TRY IT → From the line below that contains "E \<and> (\<exists>F." to the line that contains "(if \<omega> \<subseteq>", repeat every line exactly, both ends included, and nothing else.

****

(* Let $G=(V,E)$ be a finite graph with couplings $J_e>0$, $p_e=1-e^{-2J_e}$. Let $\Omega=\{0,1\}^E$, $\Sigma=\{-1,+1\}^V$, $f:\Omega\to2^\Sigma$, $f(\omega)=\{\sigma\in\Sigma\mid\omega_e=0\ \forall e\notin S(\sigma)\}$. For $A\subset V$ with $|A|$ even let $\rho[\omega]\propto\mathbf{1}[\omega\in\mathcal{F}_A]\mathbb{P}_p[\omega]$ and $\gamma[\sigma]\propto1$. Let $\mathscr{P}$ be the probability measure on $\Omega\times\Sigma$ with $\mathscr{P}[\omega,\sigma]\propto\rho[\omega]\gamma[\sigma]\mathbf{1}[\sigma\in f(\omega)]$. Then: (a) The marginal of $\mathscr{P}$ on $\Sigma$ is $\mu^A$ given by $\mu^A[\sigma]\propto\mu[\sigma]\,\mathbb{P}_{S(\sigma),p}[\mathcal{F}_A]$. For each $\omega\in\mathcal{F}_A$, $\mathscr{P}[\cdot\mid\omega]$ is obtained by assigning independent uniform signs to the open clusters of $\omega$. (b) The marginal of $\mathscr{P}$ on $\Omega$ is $\phi_p[\cdot\mid\mathcal{F}_A]$. For each $\sigma$ with $S(\sigma)\in\mathcal{F}_A$, $\mathscr{P}[\cdot\mid\sigma]=\mathbb{P}_{S(\sigma),p}[\cdot\mid\mathcal{F}_A]$.
   Context: Configurations are identified with sets of open edges; open clusters are the components of $(V,\omega)$, $\kappa(\omega)$ their number (isolated vertices included). $S(\sigma)=\{uv\in E\mid\sigma_u=\sigma_v\}$. $\partial F$ is the set of odd-degree vertices of $(V,F)$; $\mathcal{F}_A=\{\omega\subset E\mid\exists F\subset\omega,\ \partial F=A\}$. $\mathbb{P}_p$ is Bernoulli percolation on $E$ with parameters $(p_e)$; $\mathbb{P}_{H,p}$ is Bernoulli percolation with parameters $p$ on the edges of $H$ and all other edges closed. $\mu[\sigma]\propto\exp(\sum_{uv\in E}J_{uv}\sigma_u\sigma_v)$ is the Ising measure. $\phi_p[\omega]\propto2^{\kappa(\omega)}\prod_{e\in\omega}p_e\prod_{e\notin\omega}(1-p_e)$ is the random-cluster measure with $q=2$. *)

theory Defs
  imports Complex_Main "HOL-Library.FuncSet"
begin

text \<open>Graph G = (V,E): V a finite vertex set, edges are two-element subsets of V.
  Configurations omega are subsets of E (the open edges); spin configurations are
  extensional functions V -> {-1,+1}.\<close>

definition simple_graph :: "'v set \<Rightarrow> 'v set set \<Rightarrow> bool" where
  "simple_graph V E \<longleftrightarrow> finite V \<and> E \<subseteq> {{u, v} | u v. u \<in> V \<and> v \<in> V \<and> u \<noteq> v}"

definition normalize :: "('a \<Rightarrow> real) \<Rightarrow> 'a set \<Rightarrow> 'a \<Rightarrow> real" where
  "normalize W X x = (if x \<in> X then W x / (\<Sum>y\<in>X. W y) else 0)"

definition spins :: "'v set \<Rightarrow> ('v \<Rightarrow> int) set" where
  "spins V = (V \<rightarrow>\<^sub>E {-1, 1})"

definition S :: "'v set set \<Rightarrow> ('v \<Rightarrow> int) \<Rightarrow> 'v set set" where
  "S E \<sigma> = {e \<in> E. \<forall>u\<in>e. \<forall>v\<in>e. \<sigma> u = \<sigma> v}"

definition boundary :: "'v set \<Rightarrow> 'v set set \<Rightarrow> 'v set" where
  "boundary V F = {v \<in> V. odd (card {e \<in> F. v \<in> e})}"

definition FA :: "'v set \<Rightarrow> 'v set set \<Rightarrow> 'v set \<Rightarrow> 'v set set set" where
  "FA V E A = {\<omega>. \<omega> \<subseteq> E \<and> (\<exists>F. F \<subseteq> \<omega> \<and> boundary V F = A)}"

text \<open>Bernoulli percolation with parameters p on the edges of H, all other edges closed:
  the probability of the configuration omega. With H = E this is P_p.\<close>
definition perc :: "('v set \<Rightarrow> real) \<Rightarrow> 'v set set \<Rightarrow> 'v set set \<Rightarrow> real" where
  "perc p H \<omega> = (if \<omega> \<subseteq> H then (\<Prod>e\<in>\<omega>. p e) * (\<Prod>e\<in>H - \<omega>. 1 - p e) else 0)"

definition perc_event :: "('v set \<Rightarrow> real) \<Rightarrow> 'v set set \<Rightarrow> 'v set set set \<Rightarrow> real" where
  "perc_event p H X = (\<Sum>\<omega>\<in>X. perc p H \<omega>)"

definition conn :: "'v set \<Rightarrow> 'v set set \<Rightarrow> ('v \<times> 'v) set" where
  "conn V \<omega> = Id_on V \<union> {(u, v). {u, v} \<in> \<omega>}\<^sup>+"

definition clusters :: "'v set \<Rightarrow> 'v set set \<Rightarrow> 'v set set" where
  "clusters V \<omega> = V // conn V \<omega>"

definition kappa :: "'v set \<Rightarrow> 'v set set \<Rightarrow> nat" where
  "kappa V \<omega> = card (clusters V \<omega>)"

definition ising :: "'v set \<Rightarrow> 'v set set \<Rightarrow> ('v set \<Rightarrow> real) \<Rightarrow> ('v \<Rightarrow> int) \<Rightarrow> real" where
  "ising V E J = normalize (\<lambda>\<sigma>. exp (\<Sum>e\<in>E. J e * real_of_int (\<Prod>v\<in>e. \<sigma> v))) (spins V)"

definition random_cluster :: "'v set \<Rightarrow> 'v set set \<Rightarrow> ('v set \<Rightarrow> real) \<Rightarrow> 'v set set \<Rightarrow> real" where
  "random_cluster V E p = normalize (\<lambda>\<omega>. 2 ^ kappa V \<omega> * perc p E \<omega>) (Pow E)"

definition f :: "'v set \<Rightarrow> 'v set set \<Rightarrow> 'v set set \<Rightarrow> ('v \<Rightarrow> int) set" where
  "f V E \<omega> = {\<sigma> \<in> spins V. \<forall>e \<in> E - S E \<sigma>. e \<notin> \<omega>}"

****

TASK OUTPUT →
  "FA V E A = {\<omega>. \<omega> \<subseteq> E \<and> (\<exists>F. F \<subseteq> \<omega> \<and> boundary V F = A)}"

text \<open>Bernoulli percolation with parameters p on the edges of H, all other edges closed:
  the probability of the configuration omega. With H = E this is P_p.\<close>
definition perc :: "('v set \<Rightarrow> real) \<Rightarrow> 'v set set \<Rightarrow> 'v set set \<Rightarrow> real" where
  "perc p H \<omega> = (if \<omega> \<subseteq> H then (\<Prod>e\<in>\<omega>. p e) * (\<Prod>e\<in>H - \<omega>. 1 - p e) else 0)"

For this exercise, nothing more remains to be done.